Meddling Kids by Edgar Cantero

Teenage sleuths are all well and good, but what becomes of them when they grow up?  In Edgar Cantero’s “Meddling Kids” we meet the Blyton Summer Detective Club – a group of grown-ups who spent the summers of their formative years solving mysteries in Blyton Hills, Oregon.

Thirteen years ago, they solved their final mystery: the case of the Sleepy Lake monster. Two boys, two girls, and one dog put a man in jail for impersonating a monster and attempting to steal the fortune said to be hidden in a local abandoned mansion. On that fateful night, they solved their case, but the deeper mysteries of the mansion have haunted them ever since.
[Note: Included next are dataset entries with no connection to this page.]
lemma defect_cube_zero: "defect a b * defect a b * defect a b = 0"
proof -
  \<comment> \<open>With u = defect a b and c = ab - ba: 2u = d c - [d a, b] - [a, d b], and u kills both
    commutators, so u (u + u) = u (d c); the Jordan identity for u c + c u = 0 gives
    u (u (d c)) = 0.\<close>
  define u where "u = defect a b"
  define c where "c = a * b - b * a"
  have central: "u * r = r * u" for r
    unfolding u_def by (rule defect_central)
  have ann: "u * x * (c' * e - e * c') = 0" for x c' e
    unfolding u_def by (rule defect_annihilates_commutators)
  have uc: "u * c = 0" and cu: "c * u = 0"
    using ann[of 1 a b] central[of c] by (simp_all add: c_def)
  have two_u: "u + u = d c - (d a * b - b * d a) - (a * d b - d b * a)"
    using defect_swap[of a b] by (simp add: c_def u_def defect_def diff algebra_simps)
  have u_double: "u * (u + u) = u * d c"
  proof -
    have "u * (u + u) = u * d c - u * (d a * b - b * d a) - u * (a * d b - d b * a)"
      unfolding two_u by (simp only: right_diff_distrib)
    then show ?thesis using ann[of 1 "d a" b] ann[of 1 a "d b"] by simp
  qed
  have "d u * c + u * d c + d c * u + c * d u = 0"
    using jordan_product[of u c] uc cu by (simp add: zero)
  then have "u * (d u * c) + u * (u * d c) + u * (d c * u) + u * (c * d u) = 0"
    by (simp add: distrib_left[symmetric])
  moreover have "u * (d u * c) = 0" using ann[of "d u" a b] by (simp add: c_def mult.assoc)
  moreover have "u * (c * d u) = 0" by (simp add: mult.assoc[symmetric] uc)
  moreover have "u * (d c * u) = u * (u * d c)" by (simp only: central[of "d c"])
  ultimately have "u * (u * d c) + u * (u * d c) = 0" by simp
  then have udc: "u * (u * d c) = 0" by (rule two_torsion_free)
  have "u * u * u + u * u * u = u * (u * (u + u))" by (simp only: distrib_left mult.assoc)
  also have "\<dots> = 0" by (simp only: u_double udc)
  finally show ?thesis unfolding u_def by (rule two_torsion_free)
qed

lemma defect_zero: "defect a b = 0"
proof -
  define u where "u = defect a b"
  have "u * u = 0"
  proof (rule semiprime_central_square_zero[OF semiprime])
    show "u * u * r = r * (u * u)" for r by (metis u_def defect_central mult.assoc)
    show "u * u * (u * u) = 0"
      using defect_cube_zero[of a b] by (simp only: u_def mult.assoc[symmetric] mult_zero_left)
  qed
  then show ?thesis unfolding u_def
    by (rule semiprime_central_square_zero[OF semiprime defect_central])
qed

lemma derivation: "d (x * y) = d x * y + x * d y"
  using defect_zero[of x y] by (simp add: defect_def diff_eq_eq add.commute)

end

lemma derivation_of_jordan_triple_derivation:
  fixes d :: "'a::{ring_1, real_vector} \<Rightarrow> 'a"
  assumes "semiprime_ring TYPE('a)" and "\<And>x y. d (x + y) = d x + d y"
    and "\<And>x y. d (x * y * x) = d x * y * x + x * d y * x + x * y * d x"
  shows "d (x * y) = d x * y + x * d y"
proof -
  have "a = 0" if "a + a = 0" for a :: 'a using that by (simp add: scaleR_2[symmetric])
  then interpret semiprime_jordan_triple_derivation d using assms by unfold_locales blast+
  show ?thesis by (rule derivation)
qed

section \<open>Hyers--Ulam stability of the equation f(2x + y) + f(x + 2y) = f(3x) + f(3y)\<close>

lemma powr_two_power_scaled: "(1 / 2 ^ n) * ((2::real) ^ n) powr s = (2 powr (s - 1)) ^ n"
proof -
  have "(1 / 2 ^ n) * ((2::real) ^ n) powr s = 2 powr (- real n) * 2 powr (real n * s)"
    by (simp add: powr_realpow[symmetric] powr_powr powr_minus divide_inverse)
  also have "\<dots> = 2 powr (real n * (s - 1))" by (simp add: powr_add[symmetric] algebra_simps)
  also have "\<dots> = (2 powr (s - 1)) ^ n" by (simp add: powr_power)
  finally show ?thesis .
qed

lemma geometric_increments_converge:
  fixes a :: "nat \<Rightarrow> 'a::banach"
  assumes inc: "\<And>n. norm (a (Suc n) - a n) \<le> C * r ^ n" and r: "0 \<le> r" "r < 1"
  shows "\<exists>L. a \<longlonglongrightarrow> L \<and> norm (a 0 - L) \<le> C / (1 - r)"
proof -
  have geom: "summable (\<lambda>n. C * r ^ n)" using r by (simp add: summable_geometric)
  have incs: "summable (\<lambda>n. a (Suc n) - a n)"
    by (rule summable_comparison_test'[OF geom]) (use inc in auto)
  have "(\<lambda>n. (\<Sum>i<n. a (Suc i) - a i) + a 0) \<longlonglongrightarrow> (\<Sum>n. a (Suc n) - a n) + a 0"
    by (intro tendsto_add summable_LIMSEQ[OF incs] tendsto_const)
  then have lim: "a \<longlonglongrightarrow> (\<Sum>n. a (Suc n) - a n) + a 0" by (simp add: sum_lessThan_telescope)
  have "norm (\<Sum>n. a (Suc n) - a n) \<le> (\<Sum>n. C * r ^ n)" by (rule norm_suminf_le[OF inc geom])
  also have "\<dots> = C / (1 - r)" using r by (simp add: suminf_mult suminf_geometric)
  finally show ?thesis using lim by auto
qed

definition hyers_limit :: "('a::real_normed_vector \<Rightarrow> 'b::real_normed_vector) \<Rightarrow> 'a \<Rightarrow> 'b" where
  "hyers_limit f x = lim (\<lambda>n. (1 / 2 ^ n) *\<^sub>R f ((2 ^ n) *\<^sub>R x))"

lemma hyers_limit:
  fixes f :: "'a::real_normed_vector \<Rightarrow> 'b::banach"
  assumes s: "s < 1" and doubling: "\<And>x. norm (f (2 *\<^sub>R x) - 2 *\<^sub>R f x) \<le> K * norm x powr s"
  shows "(\<lambda>n. (1 / 2 ^ n) *\<^sub>R f ((2 ^ n) *\<^sub>R x)) \<longlonglongrightarrow> hyers_limit f x"
    and "norm (f x - hyers_limit f x) \<le> K / (2 - 2 powr s) * norm x powr s"
proof -
  define a where "a n = (1 / 2 ^ n) *\<^sub>R f ((2 ^ n) *\<^sub>R x)" for n
  define r where "r = (2::real) powr (s - 1)"
  have r: "0 \<le> r" "r < 1" unfolding r_def using s by (auto intro: powr_less_one)
  have "norm (a (Suc n) - a n) \<le> (K / 2 * norm x powr s) * r ^ n" for n
  proof -
    define X where "X = (2 ^ n) *\<^sub>R x"
    have "a (Suc n) - a n = (1 / 2 ^ Suc n) *\<^sub>R (f (2 *\<^sub>R X) - 2 *\<^sub>R f X)"
      unfolding a_def X_def by (simp add: algebra_simps)
    then have "norm (a (Suc n) - a n) = (1 / 2 ^ Suc n) * norm (f (2 *\<^sub>R X) - 2 *\<^sub>R f X)"
      by simp
    also have "\<dots> \<le> (1 / 2 ^ Suc n) * (K * norm X powr s)"
      by (intro mult_left_mono doubling) simp
    also have "\<dots> = K / 2 * norm x powr s * ((1 / 2 ^ n) * ((2::real) ^ n) powr s)"
      unfolding X_def by (simp add: powr_mult)
    finally show ?thesis unfolding powr_two_power_scaled r_def .
  qed
  then obtain L where L: "a \<longlonglongrightarrow> L" "norm (a 0 - L) \<le> K / 2 * norm x powr s / (1 - r)"
    using geometric_increments_converge r by blast
  then have "L = hyers_limit f x" unfolding hyers_limit_def a_def[symmetric] by (simp add: limI)
  then show "(\<lambda>n. (1 / 2 ^ n) *\<^sub>R f ((2 ^ n) *\<^sub>R x)) \<longlonglongrightarrow> hyers_limit f x"
    using L(1) unfolding a_def by simp
  have "2 - 2 powr s = 2 * (1 - r)" unfolding r_def by (simp add: powr_diff)
  then show "norm (f x - hyers_limit f x) \<le> K / (2 - 2 powr s) * norm x powr s"
    using L(2) \<open>L = hyers_limit f x\<close> by (simp add: a_def)
qed

lemma limit_of_scaled_doubling:
  fixes f A :: "'a::real_normed_vector \<Rightarrow> 'b::real_normed_vector"
  assumes conv: "\<And>x. (\<lambda>n. (1 / 2 ^ n) *\<^sub>R f ((2 ^ n) *\<^sub>R x)) \<longlonglongrightarrow> A x"
  shows "A (2 *\<^sub>R x) = 2 *\<^sub>R A x"
proof -
  have "(\<lambda>n. (1 / 2 ^ n) *\<^sub>R f ((2 ^ n) *\<^sub>R (2 *\<^sub>R x)))
      = (\<lambda>n. 2 *\<^sub>R ((1 / 2 ^ Suc n) *\<^sub>R f ((2 ^ Suc n) *\<^sub>R x)))"
    by (simp add: mult.commute)
  moreover have "(\<lambda>n. 2 *\<^sub>R ((1 / 2 ^ Suc n) *\<^sub>R f ((2 ^ Suc n) *\<^sub>R x))) \<longlonglongrightarrow> 2 *\<^sub>R A x"
    by (intro tendsto_scaleR tendsto_const LIMSEQ_Suc conv)
  ultimately show ?thesis using LIMSEQ_unique[OF conv[of "2 *\<^sub>R x"]] by metis
qed

lemma limit_solves_equation:
  fixes f A :: "'a::real_normed_vector \<Rightarrow> 'b::real_normed_vector"
  assumes conv: "\<And>x. (\<lambda>n. (1 / 2 ^ n) *\<^sub>R f ((2 ^ n) *\<^sub>R x)) \<longlonglongrightarrow> A x"
    and q: "q < 1/2"
    and approx: "\<And>x y. norm (f (2 *\<^sub>R x + y) + f (x + 2 *\<^sub>R y) - f (3 *\<^sub>R x) - f (3 *\<^sub>R y))
      \<le> T * norm x powr q * norm y powr q"
  shows "A (2 *\<^sub>R x + y) + A (x + 2 *\<^sub>R y) = A (3 *\<^sub>R x) + A (3 *\<^sub>R y)"
proof -
  define a where "a n z = (1 / 2 ^ n) *\<^sub>R f ((2 ^ n) *\<^sub>R z)" for n z
  define b where "b n = a n (2 *\<^sub>R x + y) + a n (x + 2 *\<^sub>R y) - a n (3 *\<^sub>R x) - a n (3 *\<^sub>R y)" for n
  define r where "r = (2::real) powr (2 * q - 1)"
  have r: "0 \<le> r" "r < 1" unfolding r_def using q by (auto intro: powr_less_one)
  have "b \<longlonglongrightarrow> A (2 *\<^sub>R x + y) + A (x + 2 *\<^sub>R y) - A (3 *\<^sub>R x) - A (3 *\<^sub>R y)"
    unfolding b_def a_def by (intro tendsto_intros conv)
  moreover have "b \<longlonglongrightarrow> 0"
  proof (rule Lim_null_comparison[OF always_eventually])
    show "\<forall>n. norm (b n) \<le> (T * norm x powr q * norm y powr q) * r ^ n"
    proof
      fix n
      define X where "X = (2 ^ n :: real) *\<^sub>R x"
      define Y where "Y = (2 ^ n :: real) *\<^sub>R y"
      have "b n = (1 / 2 ^ n) *\<^sub>R (f (2 *\<^sub>R X + Y) + f (X + 2 *\<^sub>R Y) - f (3 *\<^sub>R X) - f (3 *\<^sub>R Y))"
        unfolding b_def a_def X_def Y_def by (simp add: algebra_simps)
      then have "norm (b n)
          = (1 / 2 ^ n) * norm (f (2 *\<^sub>R X + Y) + f (X + 2 *\<^sub>R Y) - f (3 *\<^sub>R X) - f (3 *\<^sub>R Y))"
        by simp
      also have "\<dots> \<le> (1 / 2 ^ n) * (T * norm X powr q * norm Y powr q)"
        by (intro mult_left_mono approx) simp
      also have "\<dots>
          = (T * norm x powr q * norm y powr q) * ((1 / 2 ^ n) * ((2::real) ^ n) powr (2 * q))"
        unfolding X_def Y_def by (simp add: powr_mult powr_add[symmetric] algebra_simps)
      finally show "norm (b n) \<le> (T * norm x powr q * norm y powr q) * r ^ n"
        unfolding powr_two_power_scaled r_def .
    qed
    show "(\<lambda>n. (T * norm x powr q * norm y powr q) * r ^ n) \<longlonglongrightarrow> 0"
      using r by (intro tendsto_mult_right_zero LIMSEQ_power_zero) simp
  qed
  ultimately have "A (2 *\<^sub>R x + y) + A (x + 2 *\<^sub>R y) - A (3 *\<^sub>R x) - A (3 *\<^sub>R y) = 0"
    by (rule LIMSEQ_unique)
  then show ?thesis by (simp add: diff_diff_eq)
qed

lemma odd_part_bound:
  fixes f :: "'a::real_normed_vector \<Rightarrow> 'b::real_normed_vector"
  assumes approx: "\<And>x y. norm (f (2 *\<^sub>R x + y) + f (x + 2 *\<^sub>R y) - f (3 *\<^sub>R x) - f (3 *\<^sub>R y))
      \<le> T * norm x powr q * norm y powr q"
    and f0: "f 0 = 0"
  shows "norm (f (2 *\<^sub>R w) - f w + f (- w)) \<le> T * (2/9) powr q * norm w powr (2 * q)"
proof -
  define x where "x = (2/3) *\<^sub>R w"
  define y where "y = (-1/3) *\<^sub>R w"
  have xy: "2 *\<^sub>R x + y = w" "x + 2 *\<^sub>R y = 0" "3 *\<^sub>R x = 2 *\<^sub>R w" "3 *\<^sub>R y = - w"
    unfolding x_def y_def by (simp_all add: scaleR_add_left[symmetric] scaleR_diff_left[symmetric])
  have "f (2 *\<^sub>R w) - f w + f (- w) = - (f w - f (2 *\<^sub>R w) - f (- w))"
    by (simp add: algebra_simps)
  then have "norm (f (2 *\<^sub>R w) - f w + f (- w)) = norm (f w - f (2 *\<^sub>R w) - f (- w))"
    by (simp only: norm_minus_cancel)
  also have "\<dots> \<le> T * norm x powr q * norm y powr q"
    using approx[of x y] f0 unfolding xy by simp
  also have "\<dots> = T * (2/9) powr q * norm w powr (2 * q)"
  proof -
    have "norm x = (2/3) * norm w" "norm y = (1/3) * norm w"
      unfolding x_def y_def by simp_all
    then have "norm x powr q = (2/3) powr q * norm w powr q"
      and "norm y powr q = (1/3) powr q * norm w powr q"
      by (simp_all only: powr_mult[of "2/3" "norm w" q] powr_mult[of "1/3" "norm w" q] norm_ge_zero)
    then have "T * norm x powr q * norm y powr q
        = T * ((2/3) powr q * (1/3) powr q) * (norm w powr q * norm w powr q)"
      by (simp only: mult_ac)
    also have "(2/3) powr q * (1/3) powr q = (2/9::real) powr q"
      using powr_mult[of "2/3" "1/3" q] by simp
    also have "norm w powr q * norm w powr q = norm w powr (2 * q)"
      by (metis mult_2 powr_add)
    finally show ?thesis by (simp only: mult.assoc)
  qed
  finally show ?thesis .
qed

lemma doubling_bound_of_odd_part_bound:
  fixes f :: "'a::real_normed_vector \<Rightarrow> 'b::real_normed_vector"
  assumes odd: "\<And>w. norm (f (2 *\<^sub>R w) - f w + f (- w)) \<le> C * norm w powr s"
  shows "norm (f (2 *\<^sub>R w) - 2 *\<^sub>R f w) \<le> C * (1 + 2 * (1/2) powr s) * norm w powr s"
proof -
  define v where "v = (1/2::real) *\<^sub>R w"
  have "f (2 *\<^sub>R w) - 2 *\<^sub>R f w
      = (f (2 *\<^sub>R w) - f w + f (- w)) - (f (2 *\<^sub>R v) - f v + f (- v))
        - (f (2 *\<^sub>R (- v)) - f (- v) + f (- (- v)))"
    unfolding v_def by (simp add: algebra_simps scaleR_2)
  also have "norm \<dots> \<le> C * norm w powr s + C * norm v powr s + C * norm (- v) powr s"
    by (intro order_trans[OF norm_triangle_ineq4] add_mono order_trans[OF norm_triangle_ineq4] odd)
  also have "\<dots> = C * (1 + 2 * (1/2) powr s) * norm w powr s"
  proof -
    have "norm v = (1/2) * norm w" unfolding v_def by simp
    then have "norm v powr s = (1/2) powr s * norm w powr s"
      by (simp only: powr_mult[of "1/2" "norm w" s] norm_ge_zero)
    then show ?thesis by (simp add: algebra_simps)
  qed
  finally show ?thesis .
qed

lemma odd_of_doubling_solution:
  fixes A :: "'a::real_vector \<Rightarrow> 'b::real_vector"
  assumes double: "\<And>x. A (2 *\<^sub>R x) = 2 *\<^sub>R A x"
    and eq: "\<And>x y. A (2 *\<^sub>R x + y) + A (x + 2 *\<^sub>R y) = A (3 *\<^sub>R x) + A (3 *\<^sub>R y)"
  shows "A (- z) = - A z"
proof -
  have zero: "A 0 = 0" using double[of 0] by (simp add: scaleR_2)
  have "2 *\<^sub>R ((2/3) *\<^sub>R z) + (-1/3) *\<^sub>R z = z" "(2/3) *\<^sub>R z + 2 *\<^sub>R ((-1/3) *\<^sub>R z) = 0"
    "3 *\<^sub>R ((2/3) *\<^sub>R z) = 2 *\<^sub>R z" "3 *\<^sub>R ((-1/3) *\<^sub>R z) = - z"
    by (simp_all add: scaleR_add_left[symmetric] scaleR_diff_left[symmetric])
  then have "A z = 2 *\<^sub>R A z + A (- z)"
    using eq[of "(2/3) *\<^sub>R z" "(-1/3) *\<^sub>R z"] by (simp add: zero double)
  then have "A (- z) = A z - 2 *\<^sub>R A z" by (metis add_diff_cancel_left')
  then show ?thesis by (simp add: scaleR_2)
qed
Now in their mid-twenties, the four members of the Blyton Summer Detective Club have gone their separate ways; they lead broken, unstable lives in various parts of the country:

  • Peter Manner, the leader, moved to Hollywood and became a famous actor, but he was fighting his own demons and killed himself before the action of this book.
  • Nate Rogers, the resident supernatural expert, has spent the intervening years checking himself in and out of mental institutions. He is currently at an institution in Massachusetts, where he is hoping to rid himself of a hallucination of Peter’s ghost.
  • Kerri Hollis, the brains of the group, moved to New York where she works at a bar, plagued by nightmares and unmotivated to finish college.
  • Andrea (Andy) Rodriguez – the muscle – is a vagrant with active warrants out for her in multiple states, and an as-yet-unrequited, decade-old crush on Kerri.
  • Rounding out the group is Kerri’s Weimaraner, Tim, the great-grandson of the original mystery-solving dog.

Andy is convinced that something has cursed them, and that solving the mystery of the abandoned mansion is the only way for them to move on with their lives. She convinces Kerri and Nate to join her, and the three humans, one dog, and one ghost/hallucination make their way to the house in Blyton Hills where everything began.

“Meddling Kids” is a high-energy romp, complete with wacky hijinks and suspicious townspeople. It has mysterious messages, intricate traps, and secret passages. But it is also a horror story with actual monsters for our grown-ups to battle – and an evil force waiting to be set free. It’s Scooby-Doo in the world of Cthulhu.

The story moves forward at break-neck speed; the mystery getting more complicated at every turn. Cantero’s love of pop culture beats at the heart of this book, though some references are more subtle than other – I’m looking at you, Zoinx River.

Cantero bounces back and forth between traditional dialog and movie-script-style dialog (complete with stage directions) in a way that I found compelling. He plays with language throughout the book, making it clear that he had as much fun writing it as the reader does reading it.  I look forward to seeking out more of Edgar Cantero’s work, and I hope that you give “Meddling Kids” at try.